Jon G. Fullenkamp and Scott R. Sand

U.S. SECURITIES AND EXCHANGE COMMISSION

Litigation Release No. 26517 / March 31, 2026

Securities and Exchange Commission v. Jon Fullenkamp, et al., No. 26-cv-03407 (D.N.J. filed March 31, 2026)

SEC Charges Two Individuals in Alleged Fraudulent Scheme to Misappropriate Millions of Dollars from Two Penny Stock Issuers

On March 31, 2026, the Securities and Exchange Commission charged Scott Sand and his business associate, Jon Fullenkamp, with allegedly perpetrating a fraud scheme to misappropriate millions of dollars from two publicly traded, penny stock issuers (“the issuers”) for which they effectively served as senior management.

The SEC’s complaint alleges that Sand and Fullenkamp, although not formally identified as part of the issuers’ management, exercised extensive control over the issuers, including managing regulatory compliance, financial reporting, and investor relations.  According to the complaint, from at least October 2020 through 2023, Sand and Fullenkamp enriched themselves by causing the issuers to enter into sham agreements with an entity secretly controlled by Fullenkamp, and then to issue hundreds of thousands of preferred shares to the Fullenkamp-controlled company pursuant to the sham agreements.  As alleged, Sand and Fullenkamp then sold some of the preferred shares to third parties, realizing $2.6 million in proceeds, which they split between them.

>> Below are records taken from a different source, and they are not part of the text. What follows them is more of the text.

theorem theorem2:
  fixes H :: "real ^ 'd \<Rightarrow> real ^ 'y"
    and D :: "(real ^ 'd) measure"
    and K_L K_U \<beta> \<tau> :: real
  assumes KL_pos: "0 < K_L" and KL_le_KU: "K_L \<le> K_U"
    and bilip: "\<And>x1 x2. K_L * norm (x1 - x2) \<le> norm (H x1 - H x2)
                     \<and> norm (H x1 - H x2) \<le> K_U * norm (x1 - x2)"
    and D_prob: "prob_space D" and D_sets: "sets D = sets borel"
    and M_finite: "integrable (D \<Otimes>\<^sub>M D) (\<lambda>(x1, x2). norm (x1 - x2))"
    and beta_pos: "0 < \<beta>" and tau_pos: "0 < \<tau>"
    and fp_lt1: "measure (D \<Otimes>\<^sub>M D) {(x1, x2). norm (H x1 - H x2) \<le> \<tau>} < 1"
  shows "measure (D \<Otimes>\<^sub>M gaussian_iso \<beta>) {(x, \<delta>). norm (H x - H (x + \<delta>)) \<le> \<tau>}
     \<le> lower_inc_gamma (real CARD('d) / 2)
          ((1/2) * ((K_U / K_L) * ((\<integral>p. (case p of (x1, x2) \<Rightarrow> norm (x1 - x2)) \<partial>(D \<Otimes>\<^sub>M D)) / \<beta>)
                    * (1 / (1 - measure (D \<Otimes>\<^sub>M D) {(x1, x2). norm (H x1 - H x2) \<le> \<tau>})))\<^sup>2)
        / Gamma (real CARD('d) / 2)"
proof -
  define s where "s = real CARD('d) / 2"
  define M where "M = (\<integral>p. (case p of (x1, x2) \<Rightarrow> norm (x1 - x2)) \<partial>(D \<Otimes>\<^sub>M D))"
  define \<alpha> where "\<alpha> = measure (D \<Otimes>\<^sub>M D) {(x1, x2). norm (H x1 - H x2) \<le> \<tau>}"
  define X where "X = (K_U / K_L) * (M / \<beta>) * (1 / (1 - \<alpha>))"
  have "K_U-lipschitz_on UNIV H"
    using bilip KL_pos KL_le_KU by (intro lipschitz_onI) (auto simp: dist_norm)
  from prob_pair_lipschitz_far_le[OF D_prob D_sets this M_finite tau_pos]
  have "\<tau> \<le> K_U * M / (1 - \<alpha>)"
    using fp_lt1 tau_pos by (simp add: M_def \<alpha>_def field_simps)
  then have "\<tau> / K_L / \<beta> \<le> K_U * M / (1 - \<alpha>) / K_L / \<beta>"
    using KL_pos beta_pos by (intro divide_right_mono) auto
  then have "\<tau> / K_L / \<beta> \<le> X"
    by (simp add: X_def mult_ac)
  then have "(\<tau> / K_L / \<beta>)\<^sup>2 \<le> X\<^sup>2"
    using KL_pos beta_pos tau_pos by (intro power_mono) auto
  then have "(\<tau> / K_L)\<^sup>2 / (2 * \<beta>\<^sup>2) \<le> (1/2) * X\<^sup>2"
    by (simp add: power_divide power_mult_distrib)
  then have "lower_inc_gamma s ((\<tau> / K_L)\<^sup>2 / (2 * \<beta>\<^sup>2)) / Gamma s \<le> lower_inc_gamma s ((1/2) * X\<^sup>2) / Gamma s"
    by (intro divide_right_mono lower_inc_gamma_mono) (auto simp: s_def)
  moreover have "measure (D \<Otimes>\<^sub>M gaussian_iso \<beta>) {(x, \<delta>). norm (H x - H (x + \<delta>)) \<le> \<tau>}
      \<le> lower_inc_gamma s ((\<tau> / K_L)\<^sup>2 / (2 * \<beta>\<^sup>2)) / Gamma s"
    using bilip KL_pos tau_pos beta_pos unfolding s_def
    by (intro prob_gaussian_perturbation_close_le[OF D_prob D_sets]) auto
  ultimately show ?thesis
    by (simp add: s_def M_def \<alpha>_def X_def)
qed

end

The SEC’s complaint, filed in the U.S. District Court for the District of New Jersey, charges Sand and Fullenkamp with violating Sections 17(a)(1) and 17(a)(3) of the Securities Act of 1933 and Section 10(b) of the Securities Exchange Act of 1934 and Rules 10b-5(a) and (c) thereunder.  The complaint seeks permanent injunctive relief, disgorgement of ill-gotten gains plus prejudgment interest, and civil penalties against Sand and Fullenkamp, and a conduct-based injunction against Sand.  As to Fullenkamp, the complaint also seeks a penny stock bar, officer and director bar, and an order requiring surrender for cancellation of all of the fraudulently acquired shares of preferred and common stock.

Fullenkamp, without denying the SEC’s allegations, consented to the entry of a judgment, subject to court approval, permanently enjoining him from future violations of the charged provisions of federal securities law, imposing permanent officer and director and penny stock bars, ordering him to surrender for cancellation all fraudulently acquired shares, and ordering him to pay disgorgement, prejudgment interest, and a civil penalty in amounts to be determined by the Court upon motion by the SEC.

Fullenkamp has also been charged in a parallel criminal action by the United States Attorney’s Office for the District of New Jersey for related conduct.

The SEC’s investigation was conducted by Cecilia Connor, Matthew Homberger and David Medway, and supervised by Kingdon Kase and Scott A. Thompson, all of the SEC’s Philadelphia Regional Office. The litigation will be led by John Donnelly and supervised by Gregory R. Bockin, also of the Philadelphia Regional Office.